● WHAT THIS TASK INVOLVES
Check every line of the data below for the word "then". Copy the ones that have it.

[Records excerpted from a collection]
---+---

lemma is_ray_seq_cons: "a \<in> ray_left_ext X u \<Longrightarrow> is_ray X (seq_cons a u)"
proof -
  assume a: "a \<in> ray_left_ext X u"
  have "seq_prefix n (seq_cons a u) \<in> lang X" for n
  proof (cases n)
    case 0
    have "a # seq_prefix 0 u \<in> lang X" using a unfolding ray_left_ext_def by blast
    hence "[a] \<in> lang X" by simp
    then show ?thesis using 0 lang_take[of "[a]" X 0] by simp
  next
    case (Suc m)
    then show ?thesis using a by (simp add: seq_prefix_seq_cons ray_left_ext_def)
  qed
  thus ?thesis by (simp add: is_ray_def)
qed

lemma ray_left_ext_subset: "ray_left_ext X u \<subseteq> left_ext X (seq_prefix n u)"
  by (auto simp: ray_left_ext_def left_ext_def)

lemma left_ext_seq_prefix_antimono:
  assumes "m \<le> n" shows "left_ext X (seq_prefix n u) \<subseteq> left_ext X (seq_prefix m u)"
proof
  fix a assume "a \<in> left_ext X (seq_prefix n u)"
  hence "a # seq_prefix n u \<in> lang X" by (simp add: left_ext_def)
  hence "take (Suc m) (a # seq_prefix n u) \<in> lang X" by (rule lang_take)
  thus "a \<in> left_ext X (seq_prefix m u)" using assms by (simp add: take_seq_prefix left_ext_def)
qed

lemma left_ext_seq_prefix_eventually:
  fixes X :: "(int \<Rightarrow> 'a::finite) set"
  shows "\<exists>N. \<forall>n\<ge>N. left_ext X (seq_prefix n u) = ray_left_ext X u"
proof -
  define S where "S = - ray_left_ext X u"
  have "\<forall>a\<in>S. \<exists>n. a # seq_prefix n u \<notin> lang X" by (auto simp: S_def ray_left_ext_def)
  then obtain na where na: "\<And>a. a \<in> S \<Longrightarrow> a # seq_prefix (na a) u \<notin> lang X" by metis
  define N where "N = Max (na ` S)"
  have "left_ext X (seq_prefix n u) = ray_left_ext X u" if "n \<ge> N" for n
  proof
    show "left_ext X (seq_prefix n u) \<subseteq> ray_left_ext X u"
    proof
      fix a assume a: "a \<in> left_ext X (seq_prefix n u)"
      show "a \<in> ray_left_ext X u"
      proof (rule ccontr)
        assume "a \<notin> ray_left_ext X u"
        hence aS: "a \<in> S" by (simp add: S_def)
        hence "na a \<le> N" unfolding N_def by (intro Max_ge) auto
        hence "a \<in> left_ext X (seq_prefix (na a) u)" using left_ext_seq_prefix_antimono[of "na a" n X u] a that by auto
        thus False using na[OF aS] by (simp add: left_ext_def)
      qed
    qed
  qed (rule ray_left_ext_subset)
  thus ?thesis by blast
qed

lemma ray_left_ext_nonempty:
  fixes X :: "(int \<Rightarrow> 'a::finite) set"
  assumes u: "is_ray X u" shows "ray_left_ext X u \<noteq> {}"
proof -
  obtain N where N: "\<And>n. n \<ge> N \<Longrightarrow> left_ext X (seq_prefix n u) = ray_left_ext X u" using left_ext_seq_prefix_eventually by blast
  obtain a where "a # seq_prefix N u \<in> lang X" using u lang_ext_left by (metis is_ray_def)
  thus ?thesis using N[of N] by (auto simp: left_ext_def)
qed

lemma ray_realised:
  fixes X :: "(int \<Rightarrow> 'a::finite) set"
  assumes ss: "is_shift_space X" and v: "is_ray X v"
  shows "\<exists>x\<in>X. ray x 0 = v"
proof -
  define vs where "vs = rec_nat v (\<lambda>k w. seq_cons (SOME a. a \<in> ray_left_ext X w) w)"
  have vs0: "vs 0 = v" and vsS: "\<And>k. vs (Suc k) = seq_cons (SOME a. a \<in> ray_left_ext X (vs k)) (vs k)"
    by (simp_all add: vs_def)
  have isr: "is_ray X (vs k)" for k
  proof (induction k)
    case 0 then show ?case using v vs0 by simp
  next
    case (Suc k)
    have "(SOME a. a \<in> ray_left_ext X (vs k)) \<in> ray_left_ext X (vs k)"
      using ray_left_ext_nonempty[OF Suc] by (simp add: some_in_eq)
    then show ?case by (simp add: vsS is_ray_seq_cons)
  qed
  have rel: "vs (k + m) (j + m) = vs k j" for k m j
    by (induction m) (auto simp: vsS seq_cons_def)
  define x where "x = (\<lambda>i::int. if 0 \<le> i then v (nat i) else vs (nat (-i)) 0)"
  have xk: "x i = vs k (nat (i + int k))" if "0 \<le> i + int k" for i k
  proof (cases "0 \<le> i")
    case True
    have "vs (0 + k) (nat i + k) = vs 0 (nat i)" by (rule rel)
    moreover have "nat (i + int k) = nat i + k" using True by simp
    ultimately show ?thesis using True by (simp add: x_def vs0)
  next
    case False
    define a where "a = nat (-i)"
    have ak: "a \<le> k" "k = a + (k - a)" "nat (i + int k) = 0 + (k - a)" using False that by (auto simp: a_def)
    have "vs (a + (k - a)) (0 + (k - a)) = vs a 0" by (rule rel)
    then show ?thesis using False ak by (simp add: x_def a_def)
  qed
  have fac: "factor_at x i n \<in> lang X" for i n
  proof -
    define k where "k = nat (-i)"
    define s where "s = nat (i + int k)"
    have "factor_at x i n = drop s (seq_prefix (s + n) (vs k))"
    proof (rule nth_equalityI)
      fix j assume "j < length (factor_at x i n)"
      hence j: "j < n" by simp
      have "0 \<le> i + int j + int k" by (simp add: k_def)
      hence "x (i + int j) = vs k (nat (i + int j + int k))" using xk by simp
      moreover have "nat (i + int j + int k) = s + j" by (auto simp: s_def k_def nat_add_distrib)
      ultimately show "factor_at x i n ! j = drop s (seq_prefix (s + n) (vs k)) ! j" using j by simp
    qed simp
    thus ?thesis using isr[of k] lang_drop by (auto simp: is_ray_def)
  qed
  have "x \<in> X" by (rule mem_if_factors_in_lang[OF ss fac])
  moreover have "ray x 0 = v" by (auto simp: ray_def x_def)
  ultimately show ?thesis by blast
qed

lemma ray_left_ext_realised:
  fixes X :: "(int \<Rightarrow> 'a::finite) set"
  assumes ss: "is_shift_space X" and a: "a \<in> ray_left_ext X u"
  shows "\<exists>y\<in>X. ray y 0 = u \<and> y (-1) = a"
proof -
  obtain x where x: "x \<in> X" "ray x 0 = seq_cons a u" using ray_realised[OF ss is_ray_seq_cons[OF a]] by blast
  have "ray (shift_by 1 x) 0 = u"
  proof
    fix k show "ray (shift_by 1 x) 0 k = u k"
      using fun_cong[OF x(2), of "Suc k"] by (simp add: ray_def shift_by_def seq_cons_def add.commute)
  qed
  moreover have "shift_by 1 x (-1) = a" using fun_cong[OF x(2), of 0] by (simp add: ray_def shift_by_def seq_cons_def)
  ultimately show ?thesis using shift_by_mem[OF ss x(1)] by blast
qed

lemma periodic_mult:
  assumes "\<And>i. z (i + p) = z i"
  shows "z (i + int q * p) = z i"
proof (induction q)
  case (Suc q)
  have "z (i + int (Suc q) * p) = z ((i + int q * p) + p)" by (simp add: algebra_simps)
  also have "\<dots> = z i" using assms Suc by simp
  finally show ?case .
qed simp

lemma eventually_periodic_mult:
  fixes x :: "int \<Rightarrow> 'a"
  assumes per: "\<And>i. t \<le> i \<Longrightarrow> x (i + p) = x i" and p: "0 \<le> p" and j: "t \<le> j"
  shows "x (j + int q * p) = x j"
proof (induction q)
  case (Suc q)
  have "x (j + int (Suc q) * p) = x ((j + int q * p) + p)" by (simp add: algebra_simps)
  also have "\<dots> = x (j + int q * p)" using p j by (intro per) (simp add: add_increasing2)
  finally show ?case using Suc by simp
qed simp

lemma periodic_extension_agrees:
  fixes x :: "int \<Rightarrow> 'a" and p t i :: int
  assumes p: "0 < p" and per: "\<And>i. t \<le> i \<Longrightarrow> x (i + p) = x i" and i: "t \<le> i"
  shows "x (t + (i - t) mod p) = x i"
proof -
  have "0 \<le> (i - t) div p" using p i by (simp add: pos_imp_zdiv_nonneg_iff)
  then have i_eq: "i = (t + (i - t) mod p) + int (nat ((i - t) div p)) * p" by simp
  have "t \<le> t + (i - t) mod p" using p by simp
  from eventually_periodic_mult[where x = x and q = "nat ((i - t) div p)", OF per less_imp_le[OF p] this]
  have "x i = x (t + (i - t) mod p)" by (simp only: i_eq[symmetric])
  then show ?thesis by (rule sym)
qed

---+---

● TASK RESULT
    then show ?thesis using 0 lang_take[of "[a]" X 0] by simp
    then show ?thesis using a by (simp add: seq_prefix_seq_cons ray_left_ext_def)
  then obtain na where na: "\<And>a. a \<in> S \<Longrightarrow> a # seq_prefix (na a) u \<notin> lang X" by metis
    case 0 then show ?case using v vs0 by simp
    then show ?case by (simp add: vsS is_ray_seq_cons)
  define x where "x = (\<lambda>i::int. if 0 \<le> i then v (nat i) else vs (nat (-i)) 0)"
    then show ?thesis using False ak by (simp add: x_def a_def)
  then have i_eq: "i = (t + (i - t) mod p) + int (nat ((i - t) div p)) * p" by simp
  then show ?thesis by (rule sym)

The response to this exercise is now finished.